-- Data shown follows --

lemma W_abs_cube_le:
  assumes n: "2 \<le> n" and "0 < \<epsilon>" "0 < \<delta>"
  defines "p \<equiv> prob {w \<in> space M. l * sample_max n w \<le> ln n * exp (- \<epsilon>)}"
  shows "integrable M (\<lambda>w. \<bar>W n w\<bar> ^ 3)"
    and "expectation (\<lambda>w. \<bar>W n w\<bar> ^ 3) \<le> 6 / ln n ^ 3 + \<epsilon> ^ 3 + (4 * \<bar>ln (ln n)\<bar> ^ 3 + 4 / \<delta>) * p
      + 4 * \<delta> * (\<integral>t. exponential_density 1 t * \<bar>ln t\<bar> ^ 6 \<partial>lborel)"
proof -
  define S where "S = {w \<in> space M. l * sample_max n w \<le> ln n * exp (- \<epsilon>)}"
  have [measurable]: "S \<in> sets M"
    unfolding S_def by measurable
  define f1 where "f1 w = (\<Sum>i\<in>{1..n}. max (l * X i w - ln n) 0 ^ 3) / ln n ^ 3" for w
  define f2 where "f2 w = \<epsilon> ^ 3 + (4 * \<bar>ln (ln n)\<bar> ^ 3 + 4 / \<delta>) * indicator S w
    + 4 * \<delta> * \<bar>ln (l * X 1 w)\<bar> ^ 6" for w
  define f where "f w = f1 w + f2 w" for w
  have "0 < ln (real n)"
    using n by simp
  then have f1: "integrable M f1" "expectation f1 = 6 / ln n ^ 3"
    using exponential_excess_cube[OF distributed_scaled_X] n
    by (simp_all add: f1_def[abs_def] Bochner_Integration.integral_sum exp_minus)
  have f2: "integrable M f2" "expectation f2 = \<epsilon> ^ 3 + (4 * \<bar>ln (ln n)\<bar> ^ 3 + 4 / \<delta>) * p
      + 4 * \<delta> * (\<integral>t. exponential_density 1 t * \<bar>ln t\<bar> ^ 6 \<partial>lborel)"
    using abs_ln_power_exponential[OF distributed_scaled_X[of 1], of 6]
      integrable_real_indicator[of S M] emeasure_eq_measure[of S]
    by (simp_all add: f2_def[abs_def] p_def S_def[symmetric] prob_space)
  have f: "integrable M f" "expectation f = 6 / ln n ^ 3 + \<epsilon> ^ 3 + (4 * \<bar>ln (ln n)\<bar> ^ 3 + 4 / \<delta>) * p
      + 4 * \<delta> * (\<integral>t. exponential_density 1 t * \<bar>ln t\<bar> ^ 6 \<partial>lborel)"
    using f1 f2 by (simp_all add: f_def[abs_def])
  have bound: "AE w in M. \<bar>W n w\<bar> ^ 3 \<le> f w"
    using AE_X_pos AE_space
  proof eventually_elim
    case (elim w)
    have "\<bar>W n w\<bar> ^ 3 = max (W n w) 0 ^ 3 + max (- W n w) 0 ^ 3"
      by (cases "0 \<le> W n w") (auto simp: max_def)
    also have "\<dots> \<le> f w"
      using W_pos_part_cube_le[OF n elim(1)] W_neg_part_cube_le[OF n elim(1), of \<epsilon> \<delta>] assms(2,3) elim(2)
      unfolding f_def f1_def f2_def by (intro add_mono) (auto simp: S_def indicator_def)
    finally show ?case .
  qed
  show "integrable M (\<lambda>w. \<bar>W n w\<bar> ^ 3)"
    using bound by (intro Bochner_Integration.integrable_bound[OF f(1)]) auto
  then show "expectation (\<lambda>w. \<bar>W n w\<bar> ^ 3) \<le> 6 / ln n ^ 3 + \<epsilon> ^ 3 + (4 * \<bar>ln (ln n)\<bar> ^ 3 + 4 / \<delta>) * p
      + 4 * \<delta> * (\<integral>t. exponential_density 1 t * \<bar>ln t\<bar> ^ 6 \<partial>lborel)"
    using integral_mono_AE[OF _ f(1) bound] f(2) by simp
qed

-- Data shown concluded --

Exercise instructions:
Begin with the line that has "by (simp_all add: f1_def[abs_def]" in the listing above and end after the line that has "f2 = \<epsilon>"; output those lines exactly.

Exercise response:
    by (simp_all add: f1_def[abs_def] Bochner_Integration.integral_sum exp_minus)
  have f2: "integrable M f2" "expectation f2 = \<epsilon> ^ 3 + (4 * \<bar>ln (ln n)\<bar> ^ 3 + 4 / \<delta>) * p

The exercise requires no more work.